*** Opening Exercise data ***

lemma superadditive_limit:
  fixes f :: "nat \<Rightarrow> real"
  assumes superadd: "\<And>m n. f m + f n \<le> f (m + n)"
    and bdd: "bdd_above ((\<lambda>n. f n / real n) ` {1..})"
  shows "(\<lambda>n. f n / real n) \<longlonglongrightarrow> (SUP n\<in>{1..}. f n / real n)"
proof (rule LIMSEQ_I)
  let ?g = "\<lambda>n. f n / real n" and ?L = "SUP n\<in>{1..}. f n / real n"
  fix r :: real assume "r > 0"
  then obtain m where m: "m \<ge> 1" "?L - r / 2 < ?g m"
    using less_cSUP_iff[OF _ bdd, of "?L - r / 2"] by auto
  obtain c where c: "\<And>N. N \<ge> 1 \<Longrightarrow> ?g m - c / real N \<le> ?g N"
    using superadditive_ratio_lower_bound[OF superadd m(1)] by blast
  obtain N0 :: nat where N0: "2 * \<bar>c\<bar> / r < real N0"
    using reals_Archimedean2 by blast
  show "\<exists>no. \<forall>N\<ge>no. norm (?g N - ?L) < r"
  proof (intro exI allI impI)
    fix N assume N: "N \<ge> max 1 N0"
    then have "2 * \<bar>c\<bar> / r < real N"
      using N0 of_nat_mono[of N0 N] by linarith
    then have "c / real N < r / 2"
      using N \<open>r > 0\<close> by (simp add: field_simps)
    moreover have "?g N \<le> ?L"
      using N bdd by (intro cSUP_upper) auto
    ultimately show "norm (?g N - ?L) < r"
      using c[of N] m(2) N by auto
  qed
qed

lemma le_add_sqrt_of_forall_pos:
  fixes u l d L n :: real
  assumes "0 \<le> d" "0 < L" "0 < n"
    and bound: "\<And>s. s > 0 \<Longrightarrow> u \<le> l + s * d\<^sup>2 / 4 + 2 * L / (s * n)"
  shows "u \<le> l + d * sqrt (2 * L / n)"
proof (cases "d = 0")
  case True
  show ?thesis
  proof (rule ccontr)
    assume "\<not> ?thesis"
    then have gap: "u - l > 0"
      using True by simp
    have "u \<le> l + 2 * L / ((4 * L / (n * (u - l))) * n)"
      using bound[of "4 * L / (n * (u - l))"] gap assms True by simp
    also have "\<dots> = l + (u - l) / 2"
      using gap assms by (simp add: field_simps)
    finally show False
      using gap by (simp add: field_simps)
  qed
next
  case False
  define w where "w = sqrt (2 * L / n)"
  have "w > 0" "w\<^sup>2 = 2 * L / n"
    using assms by (simp_all add: w_def)
  then have "(2 * w / d) * d\<^sup>2 / 4 + 2 * L / ((2 * w / d) * n) = d * w"
    using False assms by (simp add: field_simps power2_eq_square)
  then show ?thesis
    using bound[of "2 * w / d"] \<open>w > 0\<close> False assms by (simp add: w_def)
qed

*** Closing Exercise data ***

_How to complete this task_
Please set down each entry again, word for word.

_Final answer_
lemma superadditive_limit:
  fixes f :: "nat \<Rightarrow> real"
  assumes superadd: "\<And>m n. f m + f n \<le> f (m + n)"
    and bdd: "bdd_above ((\<lambda>n. f n / real n) ` {1..})"
  shows "(\<lambda>n. f n / real n) \<longlonglongrightarrow> (SUP n\<in>{1..}. f n / real n)"
proof (rule LIMSEQ_I)
  let ?g = "\<lambda>n. f n / real n" and ?L = "SUP n\<in>{1..}. f n / real n"
  fix r :: real assume "r > 0"
  then obtain m where m: "m \<ge> 1" "?L - r / 2 < ?g m"
    using less_cSUP_iff[OF _ bdd, of "?L - r / 2"] by auto
  obtain c where c: "\<And>N. N \<ge> 1 \<Longrightarrow> ?g m - c / real N \<le> ?g N"
    using superadditive_ratio_lower_bound[OF superadd m(1)] by blast
  obtain N0 :: nat where N0: "2 * \<bar>c\<bar> / r < real N0"
    using reals_Archimedean2 by blast
  show "\<exists>no. \<forall>N\<ge>no. norm (?g N - ?L) < r"
  proof (intro exI allI impI)
    fix N assume N: "N \<ge> max 1 N0"
    then have "2 * \<bar>c\<bar> / r < real N"
      using N0 of_nat_mono[of N0 N] by linarith
    then have "c / real N < r / 2"
      using N \<open>r > 0\<close> by (simp add: field_simps)
    moreover have "?g N \<le> ?L"
      using N bdd by (intro cSUP_upper) auto
    ultimately show "norm (?g N - ?L) < r"
      using c[of N] m(2) N by auto
  qed
qed

lemma le_add_sqrt_of_forall_pos:
  fixes u l d L n :: real
  assumes "0 \<le> d" "0 < L" "0 < n"
    and bound: "\<And>s. s > 0 \<Longrightarrow> u \<le> l + s * d\<^sup>2 / 4 + 2 * L / (s * n)"
  shows "u \<le> l + d * sqrt (2 * L / n)"
proof (cases "d = 0")
  case True
  show ?thesis
  proof (rule ccontr)
    assume "\<not> ?thesis"
    then have gap: "u - l > 0"
      using True by simp
    have "u \<le> l + 2 * L / ((4 * L / (n * (u - l))) * n)"
      using bound[of "4 * L / (n * (u - l))"] gap assms True by simp
    also have "\<dots> = l + (u - l) / 2"
      using gap assms by (simp add: field_simps)
    finally show False
      using gap by (simp add: field_simps)
  qed
next
  case False
  define w where "w = sqrt (2 * L / n)"
  have "w > 0" "w\<^sup>2 = 2 * L / n"
    using assms by (simp_all add: w_def)
  then have "(2 * w / d) * d\<^sup>2 / 4 + 2 * L / ((2 * w / d) * n) = d * w"
    using False assms by (simp add: field_simps power2_eq_square)
  then show ?thesis
    using bound[of "2 * w / d"] \<open>w > 0\<close> False assms by (simp add: w_def)
qed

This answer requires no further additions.